What is expected — From the entries below, say how many lines carry the word "upper", and give nothing but the number.

Data records —

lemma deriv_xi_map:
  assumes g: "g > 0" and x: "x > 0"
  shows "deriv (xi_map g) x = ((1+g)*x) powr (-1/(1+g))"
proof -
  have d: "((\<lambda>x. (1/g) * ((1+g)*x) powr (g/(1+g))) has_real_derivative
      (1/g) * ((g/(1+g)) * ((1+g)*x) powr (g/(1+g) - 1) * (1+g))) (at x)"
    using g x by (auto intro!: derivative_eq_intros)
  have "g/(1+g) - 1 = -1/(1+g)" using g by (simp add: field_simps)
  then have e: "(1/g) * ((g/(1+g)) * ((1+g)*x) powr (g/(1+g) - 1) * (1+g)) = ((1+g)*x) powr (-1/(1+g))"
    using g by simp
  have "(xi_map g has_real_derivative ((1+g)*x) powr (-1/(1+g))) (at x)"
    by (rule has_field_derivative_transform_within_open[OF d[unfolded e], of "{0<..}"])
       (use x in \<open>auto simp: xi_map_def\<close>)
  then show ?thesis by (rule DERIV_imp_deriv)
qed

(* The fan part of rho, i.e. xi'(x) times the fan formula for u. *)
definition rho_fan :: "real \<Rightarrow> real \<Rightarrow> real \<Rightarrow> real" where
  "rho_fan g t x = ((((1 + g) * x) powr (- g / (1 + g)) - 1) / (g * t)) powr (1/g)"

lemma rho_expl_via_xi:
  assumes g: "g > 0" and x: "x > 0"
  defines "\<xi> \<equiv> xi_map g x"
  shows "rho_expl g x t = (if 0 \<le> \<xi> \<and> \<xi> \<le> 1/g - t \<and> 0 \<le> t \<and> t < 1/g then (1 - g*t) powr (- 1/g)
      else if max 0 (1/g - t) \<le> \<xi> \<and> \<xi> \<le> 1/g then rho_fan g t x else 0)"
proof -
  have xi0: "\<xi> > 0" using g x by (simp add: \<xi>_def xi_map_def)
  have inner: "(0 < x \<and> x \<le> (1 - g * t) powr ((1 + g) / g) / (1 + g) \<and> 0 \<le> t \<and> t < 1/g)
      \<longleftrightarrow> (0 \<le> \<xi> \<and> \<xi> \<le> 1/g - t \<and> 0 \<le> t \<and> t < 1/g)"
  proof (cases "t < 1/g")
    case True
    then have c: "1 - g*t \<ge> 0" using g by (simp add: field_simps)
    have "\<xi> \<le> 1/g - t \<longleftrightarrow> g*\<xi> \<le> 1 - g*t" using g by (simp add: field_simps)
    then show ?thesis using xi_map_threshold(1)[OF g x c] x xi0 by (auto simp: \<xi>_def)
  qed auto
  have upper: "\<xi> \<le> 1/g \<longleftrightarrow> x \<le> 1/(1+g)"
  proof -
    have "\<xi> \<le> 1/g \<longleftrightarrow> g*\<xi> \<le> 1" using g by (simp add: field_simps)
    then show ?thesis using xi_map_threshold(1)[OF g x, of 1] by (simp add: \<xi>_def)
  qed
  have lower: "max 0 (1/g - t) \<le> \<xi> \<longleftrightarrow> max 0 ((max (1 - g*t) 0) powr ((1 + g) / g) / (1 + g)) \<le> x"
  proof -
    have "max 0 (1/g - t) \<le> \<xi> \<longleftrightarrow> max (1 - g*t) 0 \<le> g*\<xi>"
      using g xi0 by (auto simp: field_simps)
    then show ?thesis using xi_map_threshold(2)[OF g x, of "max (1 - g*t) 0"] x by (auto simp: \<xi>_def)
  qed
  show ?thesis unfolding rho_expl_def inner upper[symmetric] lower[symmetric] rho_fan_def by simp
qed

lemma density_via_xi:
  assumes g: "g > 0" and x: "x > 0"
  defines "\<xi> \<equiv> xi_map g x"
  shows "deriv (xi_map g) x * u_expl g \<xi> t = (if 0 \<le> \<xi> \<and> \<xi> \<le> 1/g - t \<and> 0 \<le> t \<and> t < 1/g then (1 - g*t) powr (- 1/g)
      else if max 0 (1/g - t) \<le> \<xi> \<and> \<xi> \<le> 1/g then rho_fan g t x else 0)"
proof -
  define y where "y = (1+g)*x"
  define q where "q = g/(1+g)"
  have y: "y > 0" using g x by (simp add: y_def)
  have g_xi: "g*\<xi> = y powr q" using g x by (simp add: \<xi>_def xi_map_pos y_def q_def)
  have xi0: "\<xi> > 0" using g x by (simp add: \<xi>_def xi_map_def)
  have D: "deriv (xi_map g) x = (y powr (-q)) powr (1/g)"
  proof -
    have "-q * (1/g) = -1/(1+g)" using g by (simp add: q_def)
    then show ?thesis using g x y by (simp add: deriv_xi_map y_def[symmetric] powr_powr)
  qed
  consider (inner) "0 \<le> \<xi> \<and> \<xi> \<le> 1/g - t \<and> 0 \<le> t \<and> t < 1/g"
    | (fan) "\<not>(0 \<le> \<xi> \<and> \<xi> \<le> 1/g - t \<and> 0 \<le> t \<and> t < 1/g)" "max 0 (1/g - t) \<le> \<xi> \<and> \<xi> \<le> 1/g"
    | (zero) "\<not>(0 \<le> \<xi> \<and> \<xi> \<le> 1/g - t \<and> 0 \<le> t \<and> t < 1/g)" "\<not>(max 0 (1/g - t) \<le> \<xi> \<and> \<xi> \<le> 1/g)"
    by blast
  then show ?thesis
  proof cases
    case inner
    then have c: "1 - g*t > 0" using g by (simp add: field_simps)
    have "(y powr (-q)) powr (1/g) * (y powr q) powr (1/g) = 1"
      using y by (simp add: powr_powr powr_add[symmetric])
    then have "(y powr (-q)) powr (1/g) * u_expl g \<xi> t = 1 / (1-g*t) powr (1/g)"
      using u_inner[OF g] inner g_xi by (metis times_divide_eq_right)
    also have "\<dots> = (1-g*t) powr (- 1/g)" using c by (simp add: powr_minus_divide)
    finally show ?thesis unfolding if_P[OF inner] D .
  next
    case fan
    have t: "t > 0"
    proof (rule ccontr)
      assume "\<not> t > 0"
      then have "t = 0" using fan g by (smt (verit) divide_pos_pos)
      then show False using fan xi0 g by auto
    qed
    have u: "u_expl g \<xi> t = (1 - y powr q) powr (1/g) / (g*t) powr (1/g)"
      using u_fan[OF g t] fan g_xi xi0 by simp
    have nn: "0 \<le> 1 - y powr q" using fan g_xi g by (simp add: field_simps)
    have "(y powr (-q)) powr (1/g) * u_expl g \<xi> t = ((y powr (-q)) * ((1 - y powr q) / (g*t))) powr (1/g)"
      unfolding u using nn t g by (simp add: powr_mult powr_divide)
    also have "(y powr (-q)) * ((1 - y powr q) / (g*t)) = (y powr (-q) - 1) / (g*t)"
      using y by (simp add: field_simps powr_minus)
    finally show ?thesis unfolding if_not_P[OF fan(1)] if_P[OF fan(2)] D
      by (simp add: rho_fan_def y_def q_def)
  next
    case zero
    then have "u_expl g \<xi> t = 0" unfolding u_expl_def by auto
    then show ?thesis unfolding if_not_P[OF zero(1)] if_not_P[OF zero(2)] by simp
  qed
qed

* * *

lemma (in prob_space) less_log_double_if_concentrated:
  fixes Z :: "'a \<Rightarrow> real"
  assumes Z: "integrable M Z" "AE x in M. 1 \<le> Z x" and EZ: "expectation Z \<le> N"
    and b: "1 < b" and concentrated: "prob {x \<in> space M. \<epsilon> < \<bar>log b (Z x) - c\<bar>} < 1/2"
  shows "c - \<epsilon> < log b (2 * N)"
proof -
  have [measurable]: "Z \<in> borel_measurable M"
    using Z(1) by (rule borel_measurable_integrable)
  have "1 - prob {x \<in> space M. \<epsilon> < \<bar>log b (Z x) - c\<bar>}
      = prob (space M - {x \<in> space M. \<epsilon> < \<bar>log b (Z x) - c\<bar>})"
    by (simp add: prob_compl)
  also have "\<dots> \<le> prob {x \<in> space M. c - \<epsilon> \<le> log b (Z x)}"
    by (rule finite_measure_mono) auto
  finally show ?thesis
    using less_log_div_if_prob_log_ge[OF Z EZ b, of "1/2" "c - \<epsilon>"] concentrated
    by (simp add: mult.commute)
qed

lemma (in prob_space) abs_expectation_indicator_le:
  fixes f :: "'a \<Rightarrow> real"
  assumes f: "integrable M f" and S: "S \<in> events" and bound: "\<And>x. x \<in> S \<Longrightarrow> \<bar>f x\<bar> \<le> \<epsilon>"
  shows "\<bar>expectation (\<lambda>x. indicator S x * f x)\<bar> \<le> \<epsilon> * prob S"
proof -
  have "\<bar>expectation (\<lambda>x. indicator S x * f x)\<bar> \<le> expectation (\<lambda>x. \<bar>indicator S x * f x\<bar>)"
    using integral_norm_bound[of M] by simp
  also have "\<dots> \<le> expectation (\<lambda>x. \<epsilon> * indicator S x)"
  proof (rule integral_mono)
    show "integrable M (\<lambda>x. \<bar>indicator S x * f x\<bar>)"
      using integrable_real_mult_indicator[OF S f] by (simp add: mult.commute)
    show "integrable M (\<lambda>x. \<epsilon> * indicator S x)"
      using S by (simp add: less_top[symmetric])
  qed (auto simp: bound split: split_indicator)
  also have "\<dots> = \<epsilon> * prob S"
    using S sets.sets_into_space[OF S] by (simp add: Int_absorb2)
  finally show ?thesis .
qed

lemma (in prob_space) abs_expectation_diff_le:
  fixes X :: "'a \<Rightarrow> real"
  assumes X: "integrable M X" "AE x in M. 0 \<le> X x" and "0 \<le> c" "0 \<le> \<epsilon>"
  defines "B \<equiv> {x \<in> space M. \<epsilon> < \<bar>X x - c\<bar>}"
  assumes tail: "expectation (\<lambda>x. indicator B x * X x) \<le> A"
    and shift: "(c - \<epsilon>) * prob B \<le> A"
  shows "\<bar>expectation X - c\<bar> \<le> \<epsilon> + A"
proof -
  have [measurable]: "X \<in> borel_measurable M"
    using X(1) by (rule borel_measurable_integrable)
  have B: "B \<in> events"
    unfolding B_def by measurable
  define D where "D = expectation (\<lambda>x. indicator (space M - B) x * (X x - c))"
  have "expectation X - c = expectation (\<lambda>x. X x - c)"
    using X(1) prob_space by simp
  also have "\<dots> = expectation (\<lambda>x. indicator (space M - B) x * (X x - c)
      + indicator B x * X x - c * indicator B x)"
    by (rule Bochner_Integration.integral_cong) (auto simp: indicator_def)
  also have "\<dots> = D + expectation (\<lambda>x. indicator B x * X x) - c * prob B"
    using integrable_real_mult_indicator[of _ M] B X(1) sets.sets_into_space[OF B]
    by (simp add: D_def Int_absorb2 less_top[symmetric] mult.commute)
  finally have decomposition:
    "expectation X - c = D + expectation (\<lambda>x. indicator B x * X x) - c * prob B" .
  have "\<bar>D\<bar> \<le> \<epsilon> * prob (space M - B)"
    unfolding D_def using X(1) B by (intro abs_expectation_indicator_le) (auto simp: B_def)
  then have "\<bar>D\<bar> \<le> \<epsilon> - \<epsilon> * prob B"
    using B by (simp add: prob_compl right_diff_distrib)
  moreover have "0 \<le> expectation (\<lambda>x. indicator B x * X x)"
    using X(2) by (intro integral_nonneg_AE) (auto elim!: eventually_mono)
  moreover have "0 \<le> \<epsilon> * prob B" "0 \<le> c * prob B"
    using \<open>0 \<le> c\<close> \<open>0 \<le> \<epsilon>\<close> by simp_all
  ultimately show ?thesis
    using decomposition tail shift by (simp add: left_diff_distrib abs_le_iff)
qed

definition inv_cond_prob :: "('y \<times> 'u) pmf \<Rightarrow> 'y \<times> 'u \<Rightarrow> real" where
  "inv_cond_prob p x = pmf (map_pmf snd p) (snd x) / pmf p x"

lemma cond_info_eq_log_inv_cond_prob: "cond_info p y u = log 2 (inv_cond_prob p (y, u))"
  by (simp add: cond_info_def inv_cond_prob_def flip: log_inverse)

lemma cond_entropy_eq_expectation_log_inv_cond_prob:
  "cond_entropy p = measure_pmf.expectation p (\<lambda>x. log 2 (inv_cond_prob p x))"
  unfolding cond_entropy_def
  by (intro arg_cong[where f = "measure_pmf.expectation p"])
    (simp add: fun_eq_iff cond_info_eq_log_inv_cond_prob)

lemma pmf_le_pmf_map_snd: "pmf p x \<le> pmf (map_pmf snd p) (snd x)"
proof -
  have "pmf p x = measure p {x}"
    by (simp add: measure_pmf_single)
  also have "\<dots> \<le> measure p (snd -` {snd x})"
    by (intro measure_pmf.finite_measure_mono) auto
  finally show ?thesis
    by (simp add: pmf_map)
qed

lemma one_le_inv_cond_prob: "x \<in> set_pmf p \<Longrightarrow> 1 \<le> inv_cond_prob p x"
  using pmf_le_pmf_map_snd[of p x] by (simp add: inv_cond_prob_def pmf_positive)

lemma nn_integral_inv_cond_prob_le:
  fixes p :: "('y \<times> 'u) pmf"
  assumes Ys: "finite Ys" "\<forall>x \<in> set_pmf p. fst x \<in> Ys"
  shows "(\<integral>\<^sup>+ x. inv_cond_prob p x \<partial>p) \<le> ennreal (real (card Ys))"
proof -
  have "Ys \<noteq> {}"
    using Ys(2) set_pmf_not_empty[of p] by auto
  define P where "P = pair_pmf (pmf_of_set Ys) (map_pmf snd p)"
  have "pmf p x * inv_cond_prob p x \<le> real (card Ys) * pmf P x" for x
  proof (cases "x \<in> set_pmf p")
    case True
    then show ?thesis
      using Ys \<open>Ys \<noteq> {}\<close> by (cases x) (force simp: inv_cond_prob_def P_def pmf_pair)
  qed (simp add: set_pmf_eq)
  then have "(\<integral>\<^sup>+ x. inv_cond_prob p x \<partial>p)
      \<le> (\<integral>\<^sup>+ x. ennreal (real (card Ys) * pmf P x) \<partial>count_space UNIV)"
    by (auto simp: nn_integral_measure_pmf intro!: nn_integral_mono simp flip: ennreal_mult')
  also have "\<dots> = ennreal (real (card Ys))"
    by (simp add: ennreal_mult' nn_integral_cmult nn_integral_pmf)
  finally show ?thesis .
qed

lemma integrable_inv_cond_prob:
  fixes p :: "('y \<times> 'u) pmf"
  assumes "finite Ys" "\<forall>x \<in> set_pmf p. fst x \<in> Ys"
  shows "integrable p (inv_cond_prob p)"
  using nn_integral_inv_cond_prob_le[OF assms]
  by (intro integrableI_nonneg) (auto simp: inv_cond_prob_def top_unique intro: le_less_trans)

==

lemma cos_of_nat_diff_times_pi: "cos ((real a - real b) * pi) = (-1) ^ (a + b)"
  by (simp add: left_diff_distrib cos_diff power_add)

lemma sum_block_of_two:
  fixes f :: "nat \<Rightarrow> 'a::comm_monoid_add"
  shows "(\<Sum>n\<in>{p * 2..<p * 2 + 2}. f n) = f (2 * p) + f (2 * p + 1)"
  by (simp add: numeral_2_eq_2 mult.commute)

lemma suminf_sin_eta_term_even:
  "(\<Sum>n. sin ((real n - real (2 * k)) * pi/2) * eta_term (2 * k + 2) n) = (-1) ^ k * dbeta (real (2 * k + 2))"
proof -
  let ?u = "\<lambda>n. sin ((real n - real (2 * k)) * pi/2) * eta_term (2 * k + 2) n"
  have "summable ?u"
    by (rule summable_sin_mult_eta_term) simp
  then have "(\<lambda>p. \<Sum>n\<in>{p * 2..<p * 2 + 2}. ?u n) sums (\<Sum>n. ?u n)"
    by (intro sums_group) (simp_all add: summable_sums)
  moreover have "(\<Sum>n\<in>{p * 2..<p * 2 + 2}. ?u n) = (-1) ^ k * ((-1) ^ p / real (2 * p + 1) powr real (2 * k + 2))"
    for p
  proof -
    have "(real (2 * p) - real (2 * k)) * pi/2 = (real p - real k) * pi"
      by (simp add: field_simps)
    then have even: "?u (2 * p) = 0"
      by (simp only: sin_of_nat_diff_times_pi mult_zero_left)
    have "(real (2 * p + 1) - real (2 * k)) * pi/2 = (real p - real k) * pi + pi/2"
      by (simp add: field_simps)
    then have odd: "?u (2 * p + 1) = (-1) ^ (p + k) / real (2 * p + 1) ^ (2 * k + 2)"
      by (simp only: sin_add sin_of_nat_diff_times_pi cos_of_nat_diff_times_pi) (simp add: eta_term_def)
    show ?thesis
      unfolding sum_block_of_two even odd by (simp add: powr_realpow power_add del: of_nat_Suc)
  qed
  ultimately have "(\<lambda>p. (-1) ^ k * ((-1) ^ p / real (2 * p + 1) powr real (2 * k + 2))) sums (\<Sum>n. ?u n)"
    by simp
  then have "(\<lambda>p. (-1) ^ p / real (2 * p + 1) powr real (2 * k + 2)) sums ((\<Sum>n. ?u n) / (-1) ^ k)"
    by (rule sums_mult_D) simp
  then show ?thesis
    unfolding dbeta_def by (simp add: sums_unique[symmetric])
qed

Exercise output — 2